John Bailey: Red Stitch, Angus Cerini, BalletLab


Kate Cole, Red Stitch Actors Theatre, Grounded Kate Cole, Red Stitch Actors Theatre, Grounded
photo Jodie Hutchinson
The monologue is one of theatre’s base elements. With just a little fussing around in the chemistry set, the simplest solo performance can still create sparks, fire, the smell of crackling air. Or it can squat there before you like a lump of lead for an hour or more. Can anything really new be done with the monologue as a mode? Three recent Melbourne works hinted at the possibility.

Grounded

George Brant’s Grounded doesn’t immediately announce itself as terribly exceptional, but a production by Red Stitch Actors Theatre proved one of the company’s most memorable outings to date. The work’s materiality is minimal—the already small playing space is bare of props and the design is merely a subtle rendering to the walls suggestive of the interior of a military vehicle. The entire 80-minute work is performed by a single actor (Kate Cole) who does not leave the stage, and barely moves around it. Yet this is a work whose astonishing strengths come from precisely its manipulation of the immaterial components of live performance.

The subject matter itself is arresting enough. An American F16 fighter pilot stationed in the Middle East falls pregnant while on furlough back in the US and finds herself reassigned to the cold world of drone warfare. Brant’s treatment of this premise is outstanding, too. Striking images pile up from the outset: morning sickness while piloting an F16; the reasons pregnant women are barred from flying (think ejector seats); the contrast between the endless blue sky of the pilot and the tiny windowless unit of the desk-bound drone jockey.

So far, so conventional. But it is through the dynamic relationship between Cole’s mighty performance and Matthew Adey’s equally rich lighting design that the work truly soars. Cole delivers a character grounded in more ways than one. This is an earthy creature, despite her profession.
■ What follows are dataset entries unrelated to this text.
(* Let $f$ be a complex-valued harmonic function in a bounded open set $R\subset\mathbb{C}$. Suppose that $P=\operatorname{int}(\overline{R})\setminus R$ is empty or consists of finitely many poles of $f$, and suppose that $f$ extends continuously to $\partial R\setminus P$. Then $f(S)\cup f(\partial R\setminus P)$ partitions $\mathbb{C}$ into regions of constant valence: on each connected component of $\mathbb{C}\setminus(f(S)\cup f(\partial R\setminus P))$, the number of distinct $z\in R$ with $f(z)=w$ is constant.
   Context: Writing $f=u+iv$, $J_f=u_xv_y-u_yv_x$ and $S=\{z\in R: J_f(z)=0\}$. A point $\alpha$ is a pole of $f$ if $f$ is harmonic in $\{z:0<|z-\alpha|<r\}$ for some $r>0$ and $\lim_{z\to\alpha}|f(z)|=\infty$. $f(\partial R\setminus P)$ denotes the image under the continuous extension. *)

theory Defs
  imports "HOL-Analysis.Analysis"
begin

definition dx :: "(complex \<Rightarrow> complex) \<Rightarrow> complex \<Rightarrow> complex" where
  "dx f z = vector_derivative (\<lambda>t::real. f (z + of_real t)) (at 0)"

definition dy :: "(complex \<Rightarrow> complex) \<Rightarrow> complex \<Rightarrow> complex" where
  "dy f z = vector_derivative (\<lambda>t::real. f (z + \<i> * of_real t)) (at 0)"

definition C2_on :: "complex set \<Rightarrow> (complex \<Rightarrow> complex) \<Rightarrow> bool" where
  "C2_on A f \<longleftrightarrow>
     (\<forall>z\<in>A. f differentiable (at z)) \<and>
     (\<forall>z\<in>A. dx f differentiable (at z) \<and> dy f differentiable (at z)) \<and>
     continuous_on A (dx (dx f)) \<and> continuous_on A (dx (dy f)) \<and>
     continuous_on A (dy (dx f)) \<and> continuous_on A (dy (dy f))"
(* Let $(X,u)$ and $(Y,v)$ be Čech closure spaces, let $Y^X$ be the set of all continuous maps $(X,u)\to(Y,v)$, and let $\{\sigma_\alpha\}$ be a collection of Čech closure operators on $Y^X$. (1) If every $\sigma_\alpha$ is proper, then the infimum $\bigwedge\sigma_\alpha$ and the supremum $\bigvee\sigma_\alpha$ are proper. (2) If every $\sigma_\alpha$ is admissible, then the supremum $\bigvee\sigma_\alpha$ is admissible.
   Context: A Čech closure space $(X,u)$ is a set $X$ with an operator $u:\mathcal P(X)\to\mathcal P(X)$ satisfying $u(\emptyset)=\emptyset$, $A\subset u(A)$, and $u(A\cup B)=u(A)\cup u(B)$. The interior is $\mathrm{int}_u A=X\setminus u(X\setminus A)$; $U$ is a neighbourhood of $x$ if $x\in\mathrm{int}_uU$; $\mathcal N_\alpha(f)$ denotes the neighbourhood system of $f$ for $\sigma_\alpha$. A closure operator is determined by neighbourhood bases (families at each point that are nonempty, contain the point, and are downward directed) or subbases (nonempty families of sets containing the point, whose finite intersections form a base), via $u(A)=\{x:$ every basic neighbourhood of $x$ meets $A\}$. The infimum $\bigwedge\sigma_\alpha$ is the closure operator on $Y^X$ for which $\bigcap_\alpha\mathcal N_\alpha(f)$ is a neighbourhood base at each $f$; the supremum $\bigvee\sigma_\alpha$ is the closure operator for which $\bigcup_\alpha\mathcal N_\alpha(f)$ is a neighbourhood subbase at each $f$. A map $f:(X,u)\to(Y,v)$ is continuous if $f(u(A))\subset v(f(A))$ for all $A$. The product $(Z,w)\times(X,u)$ is $Z\times X$ with the closure operator for which the sets $W\times U$ ($W$ a neighbourhood of $z$, $U$ of $x$) form a neighbourhood base at $(z,x)$. For $g:Z\times X\to Y$, $g^*(z)(x)=g(z,x)$. A closure operator $\sigma$ on $Y^X$ is proper if for every closure space $(Z,w)$, continuity of $g:(Z,w)\times(X,u)\to(Y,v)$ implies continuity of $g^*:(Z,w)\to(Y^X,\sigma)$; it is admissible if for every closure space $(Z,w)$ and every $g:Z\times X\to Y$ with $g^*(Z)\subset Y^X$, continuity of $g^*:(Z,w)\to(Y^X,\sigma)$ implies continuity of $g$. *)

theory Defs
  imports Main
begin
Her swaggering braggadocio and coiled-spring energy are well beyond the Top Gun clichés that could have reduced the work to pastiche, and the giddy acceleration of the work’s early moments brings to mind that other great monologue that overflows with life, that of Molly Bloom’s “yes I said yes I will Yes” at the end of Ulysses. That the audience can be dragged into the slipstream of a character who also defines herself by the slaughter of war is testament both to Cole’s bravery and Kirsten von Bibra’s precise direction.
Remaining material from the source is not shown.